Re: [PATCH v2 22/22] x86/fpu/xstate: Introduce boot-parameters for control some state component support

Andy Lutomirski <luto@xxxxxxxxxx> · Tue, 24 Nov 2020 15:41:16 -0800

> On Nov 24, 2020, at 10:51 AM, Len Brown <lenb@xxxxxxxxxx> wrote:
>
> On Fri, Nov 20, 2020 at 12:03 AM Andy Lutomirski <luto@xxxxxxxxxx> wrote:
>>
>>> On Thu, Nov 19, 2020 at 3:37 PM Chang S. Bae <chang.seok.bae@xxxxxxxxx> wrote:
>>> "xstate.enable=0x60000" will enable AMX on a system that does NOT have AMX
>>> compiled into XFEATURE_MASK_USER_ENABLED (assuming the kernel is new enough
>>> to support this feature).
>>>
>>
>> What's the purpose of xstate.enable?  I can't really imagine it's
>> useful for AMX.  I suppose it could be useful for hypothetical
>> post-AMX features, but that sounds extremely dangerous.  Intel has
>> changed its strategy so many times on XSTATE extensibility that I find
>> it quite hard to believe that supporting unknown states is wise.
>
> Not hypothetical -- there are subsequent hardware features coming that
> will use the same
> exact XSTATE support that this series puts in place for AMX.
>
> We know that when those features ship in new hardware, there will be
> a set of customers who want to exercise those features immediately,
> but their kernel binary has not yet been re-compiled to see those
> features by-default.
>
> The purpose of "xstate.enable" is to empower those users to be able to
> explicitly enable support using their existing binary.
>
> You are right -- the feature isn't needed to enable AMX, unless somebody went to
> the trouble of building a kernel with the AMX source update, but chose
> to disable
> AMX-specific recognition, by-default.
>
>

We may want to taint the kernel if one of these flags is used because,
frankly, Intel’s track record is poor. Suppose we get a new feature
with PKRU-like semantics -- switching it blindly using
XSAVE(C,S,OPT,whatever) would simply incorrect. And XFD itself has
problems — supposedly it’s difficult or impossible to virtualize. It
wouldn’t utterly shock me if Intel were to drop IA32_XFD_ERR and
replace it with a new mechanism that’s less janky.

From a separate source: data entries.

text \<open>Moving from \<open>x\<close> towards \<open>y\<close> by \<open>t\<close> changes \<open>F + \<psi>\<close> by at most
  \<open>t (\<langle>G, y - x\<rangle> + \<psi> y - \<psi> x) + O(t\<^sup>2)\<close>.\<close>

lemma argmin_sum_iff_variational_inequality:
  fixes F :: "'a::real_inner \<Rightarrow> real" and \<psi> :: "'a \<Rightarrow> ereal"
  assumes lower: "\<And>y. F x + inner G (y - x) \<le> F y"
    and upper: "\<And>y. F y \<le> F x + inner G (y - x) + L/2 * (norm (y - x))\<^sup>2"
    and convex: "ereal_convex \<psi>" and ninf: "\<And>y. \<psi> y \<noteq> -\<infinity>" and fin: "\<psi> x = ereal a"
  shows "x \<in> argmin_sum F \<psi> \<longleftrightarrow> (\<forall>y b. \<psi> y = ereal b \<longrightarrow> - inner G (y - x) \<le> b - a)"
proof
  assume min: "x \<in> argmin_sum F \<psi>"
  show "\<forall>y b. \<psi> y = ereal b \<longrightarrow> - inner G (y - x) \<le> b - a"
  proof (intro allI impI)
    fix y b assume b: "\<psi> y = ereal b"
    have "0 \<le> (b - a + inner G (y - x)) + t * (L/2 * (norm (y - x))\<^sup>2)"
      if t: "0 < t" "t \<le> 1" for t
    proof -
      define yt where "yt = t *\<^sub>R y + (1 - t) *\<^sub>R x"
      have yt: "yt - x = t *\<^sub>R (y - x)" unfolding yt_def by (simp add: algebra_simps)
      obtain c where c: "\<psi> yt = ereal c" "c \<le> t * b + (1 - t) * a"
        by (rule ereal_convexD_finite[OF convex ninf b fin, of t]) (use t in \<open>auto simp: yt_def\<close>)
      have "ereal (F x) + \<psi> x \<le> ereal (F yt) + \<psi> yt"
        using min unfolding argmin_sum_def by blast
      then have "F x + a \<le> F yt + c" using fin c by simp
      moreover have "F yt \<le> F x + t * inner G (y - x) + t * (t * (L/2 * (norm (y - x))\<^sup>2))"
        using upper[of yt] t unfolding yt by (simp add: power_mult_distrib power2_eq_square mult_ac)
      ultimately have "0 \<le> t * ((b - a + inner G (y - x)) + t * (L/2 * (norm (y - x))\<^sup>2))"
        using c(2) by (simp add: algebra_simps)
      then show ?thesis using t by (simp add: zero_le_mult_iff)
    qed
    from nonneg_if_nonneg_add_small_multiple[OF this] show "- inner G (y - x) \<le> b - a" by simp
  qed
next
  assume vi: "\<forall>y b. \<psi> y = ereal b \<longrightarrow> - inner G (y - x) \<le> b - a"
  have "ereal (F x) + \<psi> x \<le> ereal (F y) + \<psi> y" for y
  proof (cases "\<psi> y")
    case (real b)
    then show ?thesis using vi lower[of y] fin by force
  qed (use ninf fin in auto)
  then show "x \<in> argmin_sum F \<psi>" unfolding argmin_sum_def by blast
qed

So this whole thing makes me quite nervous.

(I'm not a virtualization expert, but AIUI IA32_XFD_ERR has some
issues.  If it's too late to fix those issues, Intel could probably
get away with completely dropping IA32_XFD_ERR from the spec -- OSes
can handle AMX just fine without it.  Then the next XFD-able feature
could introduce a new improved way of reporting which feature
triggered #NM.)